ACTION ITEM:
Below are records; copy every line among them that contains the word "simp".

PROVIDED MATERIAL:
^^^^
lemma sbar_scale_line:
  assumes "\<And>J. p \<in> J \<Longrightarrow> fst x J = 0 \<and> snd x J = 0"
    and "\<And>J. p \<notin> J \<Longrightarrow> fst y J = 0 \<and> snd y J = 0"
  shows "sbar_scale p t (x + s *\<^sub>R y) = x + (t * s) *\<^sub>R y"
  using assms
  by (cases x, cases y) (auto simp: sbar_scale_def gen_scale_def plus_fun_def scaleR_fun_def fun_eq_iff)

lemma ebar_add_scaleR:
  assumes "u \<in> ebar n" "v \<in> ebar n"
  shows "u + s *\<^sub>R v \<in> ebar n"
  using assms unfolding ebar_def
  by (cases u, cases v) (simp add: plus_fun_def scaleR_fun_def, metis add.right_neutral scale_zero_right)

lemma sum_scaleR_coeff_nonzero:
  "(\<Sum>i<(N::nat). d i J *\<^sub>R (e i :: 'a::real_vector)) \<noteq> 0 \<Longrightarrow> \<exists>i<N. d i J \<noteq> 0"
  by (metis (mono_tags, lifting) lessThan_iff scale_zero_left sum.neutral)

lemma ebar_sub_coeff:
  assumes "x \<in> ebar_sub \<Delta>"
  shows "fst x J \<noteq> 0 \<Longrightarrow> \<exists>a\<in>\<Delta>. a J \<noteq> 0 \<and> even (card J)"
    and "snd x J \<noteq> 0 \<Longrightarrow> \<exists>a\<in>\<Delta>. a J \<noteq> 0 \<and> odd (card J)"
proof -
  obtain x0 x1 where x: "x = (x0, x1)" by fastforce
  obtain N :: nat and d e where even: "\<forall>i<N. d i \<in> \<Delta> \<and> gr_even (d i)" "x0 = (\<lambda>J. \<Sum>i<N. d i J *\<^sub>R e i)"
    using assms unfolding x ebar_sub_def mem_Collect_eq prod.case by blast
  obtain N' :: nat and d' e' where odd: "\<forall>i<N'. d' i \<in> \<Delta> \<and> gr_odd (d' i)" "x1 = (\<lambda>J. \<Sum>i<N'. d' i J *\<^sub>R e' i)"
    using assms unfolding x ebar_sub_def mem_Collect_eq prod.case by blast
  show "fst x J \<noteq> 0 \<Longrightarrow> \<exists>a\<in>\<Delta>. a J \<noteq> 0 \<and> even (card J)"
    using even sum_scaleR_coeff_nonzero[where N = N and d = d and e = e] unfolding x gr_even_def by simp blast
  show "snd x J \<noteq> 0 \<Longrightarrow> \<exists>a\<in>\<Delta>. a J \<noteq> 0 \<and> odd (card J)"
    using odd sum_scaleR_coeff_nonzero[where N = N' and d = d' and e = e'] unfolding x gr_odd_def by simp blast
qed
^^^^
RESPONSE BELOW:
  by (cases x, cases y) (auto simp: sbar_scale_def gen_scale_def plus_fun_def scaleR_fun_def fun_eq_iff)
  by (cases u, cases v) (simp add: plus_fun_def scaleR_fun_def, metis add.right_neutral scale_zero_right)
    using even sum_scaleR_coeff_nonzero[where N = N and d = d and e = e] unfolding x gr_even_def by simp blast
    using odd sum_scaleR_coeff_nonzero[where N = N' and d = d' and e = e'] unfolding x gr_odd_def by simp blast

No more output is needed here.